*** Opening Records for this task ***
(* With notation as in the context, let $0\ne b\in\mathcal B_0$ be written as $b=\sum_{U\in\mathcal U}\lambda_U\chi_U$, where $\mathcal U$ is a finite family of nonempty pairwise disjoint clopen subsets of $X$ and $\lambda_U\in K\setminus\{0\}$. Then there exists $W\in\mathcal V$ with $h_W\cdot b\ne0$.
   Context: Let $X$ be an infinite, totally disconnected, compact metrizable space, $T$ a homeomorphism of $X$, $\mu$ a full (positive on nonempty open sets), ergodic, $T$-invariant Borel probability measure, $K$ a field with involution, $C_K(X)$ the $*$-algebra of locally constant functions $X\to K$, and $\mathcal A=C_K(X)\rtimes_T\mathbb Z$ the algebraic crossed product (finite sums $\sum f_it^i$, $tf=(f\circ T^{-1})t$, $(ft^i)^*=t^{-i}f^*$). Let $E$ be a nonempty clopen set, $\mathcal P$ a partition of $X\setminus E$ (finite family of nonempty pairwise disjoint clopen sets with union $X\setminus E$), $\mathcal B$ the unital $*$-subalgebra of $\mathcal A$ generated by $\{\chi_Zt:Z\in\mathcal P\}$, and $\mathcal B_0=C_K(X)\cap\mathcal B$. $\mathcal V$ is the set of nonempty sets $W=E\cap T^{-1}(Z_1)\cap\cdots\cap T^{-k+1}(Z_{k-1})\cap T^{-k}(E)$ ($k\ge1$, $Z_i\in\mathcal P$), $|W|=k$, and $h_W=\sum_{l=0}^{|W|-1}\chi_{T^l(W)}$. *)

theory Defs
  imports "HOL-Probability.Probability"
begin

definition totally_disconnected_space :: "'a::topological_space itself \<Rightarrow> bool" where
  "totally_disconnected_space _ \<longleftrightarrow>
     (\<forall>S::'a set. connected S \<longrightarrow> (\<forall>x\<in>S. \<forall>y\<in>S. x = y))"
*** Closing Records for this task ***
Prompt
Copy out the material, keeping every line exactly as it is.

Your response
(* With notation as in the context, let $0\ne b\in\mathcal B_0$ be written as $b=\sum_{U\in\mathcal U}\lambda_U\chi_U$, where $\mathcal U$ is a finite family of nonempty pairwise disjoint clopen subsets of $X$ and $\lambda_U\in K\setminus\{0\}$. Then there exists $W\in\mathcal V$ with $h_W\cdot b\ne0$.
   Context: Let $X$ be an infinite, totally disconnected, compact metrizable space, $T$ a homeomorphism of $X$, $\mu$ a full (positive on nonempty open sets), ergodic, $T$-invariant Borel probability measure, $K$ a field with involution, $C_K(X)$ the $*$-algebra of locally constant functions $X\to K$, and $\mathcal A=C_K(X)\rtimes_T\mathbb Z$ the algebraic crossed product (finite sums $\sum f_it^i$, $tf=(f\circ T^{-1})t$, $(ft^i)^*=t^{-i}f^*$). Let $E$ be a nonempty clopen set, $\mathcal P$ a partition of $X\setminus E$ (finite family of nonempty pairwise disjoint clopen sets with union $X\setminus E$), $\mathcal B$ the unital $*$-subalgebra of $\mathcal A$ generated by $\{\chi_Zt:Z\in\mathcal P\}$, and $\mathcal B_0=C_K(X)\cap\mathcal B$. $\mathcal V$ is the set of nonempty sets $W=E\cap T^{-1}(Z_1)\cap\cdots\cap T^{-k+1}(Z_{k-1})\cap T^{-k}(E)$ ($k\ge1$, $Z_i\in\mathcal P$), $|W|=k$, and $h_W=\sum_{l=0}^{|W|-1}\chi_{T^l(W)}$. *)

theory Defs
  imports "HOL-Probability.Probability"
begin

definition totally_disconnected_space :: "'a::topological_space itself \<Rightarrow> bool" where
  "totally_disconnected_space _ \<longleftrightarrow>
     (\<forall>S::'a set. connected S \<longrightarrow> (\<forall>x\<in>S. \<forall>y\<in>S. x = y))"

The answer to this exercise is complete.